Medindia LOGIN REGISTER
Medindia

Cancer Drug Opens Arteries

by Medindia Content Team on Apr 26 2004 10:19 AM

Each year about 400,000 Americans undergo balloon angioplasty to clear blocked arteries. In many cases, the arteries become blocked again. Now, a cancer drug may change the outcome of the procedure.

John Bailey can relax today, knowing he's doing everything he can to avoid a second open-heart surgery. Eight years ago, he had a quintuple bypass operation. .

But earlier this year, Bailey had the same kind of chest pain. He says, "It was a grabbing, squeezing type of pain right in the middle of my chest."

This time, doctors cleared his blocked arteries with standard balloon angioplasty then inserted special metal stents to keep the arteries open. These new stents are coated with the cancer drug paclitaxel, also known as Taxol.

"When we look at these stents six to nine months later with ultrasound, we see a perfectly pristine stent with no scarring," says cardiologist Tift Mann, M.D., of Wake Heart Associates in Raleigh, N.C.

In nearly 20 percent of people who get an ordinary stent, scarring causes re-blockage, or restenosis. That happens twice as often with angioplasty alone. But the drug-coated stent showed better results.

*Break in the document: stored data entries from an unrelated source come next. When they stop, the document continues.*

(* Fix $0<\epsilon<1$ and $z,w\in\mathcal{S}^{n-1}$. If $\tilde z,\tilde w\in\mathcal{S}^{n-1}$ satisfy $\|\tilde z-z\|\leqslant\epsilon$ and $\|\tilde w-w\|\leqslant\epsilon$, then $\|\Phi_{\tilde z,\tilde w}-\Phi_{z,w}\|\leqslant\frac{88}{\pi}\epsilon$.
   Context: $\mathcal{S}^{n-1}$ is the unit sphere in $\mathbb{R}^n$; $\|\cdot\|$ is the spectral norm for matrices. For nonzero $z,w$: $\theta_{z,w}=\angle(z,w)\in[0,\pi]$, $\hat z=z/\|z\|$, $M_{\hat z\leftrightarrow\hat w}$ the symmetric matrix sending $\hat z\mapsto\hat w$, $\hat w\mapsto\hat z$ and vanishing on $\mathrm{span}(z,w)^\perp$ ($\pm\hat z\hat z^\top$ when $\theta_{z,w}\in\{0,\pi\}$), and $\Phi_{z,w}=\frac{\pi-2\theta_{z,w}}{\pi}I_n+\frac{2\sin\theta_{z,w}}{\pi}M_{\hat z\leftrightarrow\hat w}$. *)

theory Defs
  imports "HOL-Analysis.Analysis"
begin

definition vec_angle :: "real^'n \<Rightarrow> real^'n \<Rightarrow> real" where
  "vec_angle z w = arccos ((z \<bullet> w) / (norm z * norm w))"

text \<open>When the angle is 0 or pi this property
  uniquely determines the matrix as plus/minus (sgn z)(sgn z)^T.\<close>
definition swap_mat :: "real^'n \<Rightarrow> real^'n \<Rightarrow> real^'n^'n" where
  "swap_mat z w = (THE M. transpose M = M \<and> M *v sgn z = sgn w \<and> M *v sgn w = sgn z \<and>
      (\<forall>x. x \<bullet> z = 0 \<and> x \<bullet> w = 0 \<longrightarrow> M *v x = 0))"

definition Phi :: "real^'n \<Rightarrow> real^'n \<Rightarrow> real^'n^'n" where
  "Phi z w = ((pi - 2 * vec_angle z w) / pi) *\<^sub>R mat 1
            + (2 * sin (vec_angle z w) / pi) *\<^sub>R swap_mat z w"

definition spec_norm :: "real^'n^'m \<Rightarrow> real" where
  "spec_norm A = onorm (\<lambda>x. A *v x)"

end

theory Submission
  imports Defs
begin

(* Write a = z + w and b = z - w.  For unit vectors z, w the half angle satisfies
   cos (theta/2) = |a|/2 and sin (theta/2) = |b|/2, and the swap matrix is the map fixing a,
   negating b and killing span(a, b)^perp, so that
     2 sin theta * M x = |b| (sgn a . x) a - |a| (sgn b . x) b.
   The swap matrix jumps where theta is 0 or pi, but both the half angle and this right-hand
   side are Lipschitz in (z, w): the building block v |-> (sgn v . x) v is 3-Lipschitz even
   across v = 0.  Hence |Phi z' w' - Phi z w| <= 24/pi (|z' - z| + |w' - w|) <= 48 eps/pi. *)

definition scaled_proj :: "'a::real_inner \<Rightarrow> 'a \<Rightarrow> 'a" where
  "scaled_proj v x = (sgn v \<bullet> x) *\<^sub>R v"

Dr. Mann says, "In our study, the incidence of restenosis, or patients requiring a repeat procedure in the same target vessel, was reduced to less than 5 percent." Doctors say that means many more patients should be able to bypass bypass surgery.

That's good news for Bailey. He says, "Well, I hope to be back to normal and just go" -- as long as it's not back to an operating room.

Since paclitaxel is released in such a small amount and only at the site of the procedure, doctors say there are minimal side effects.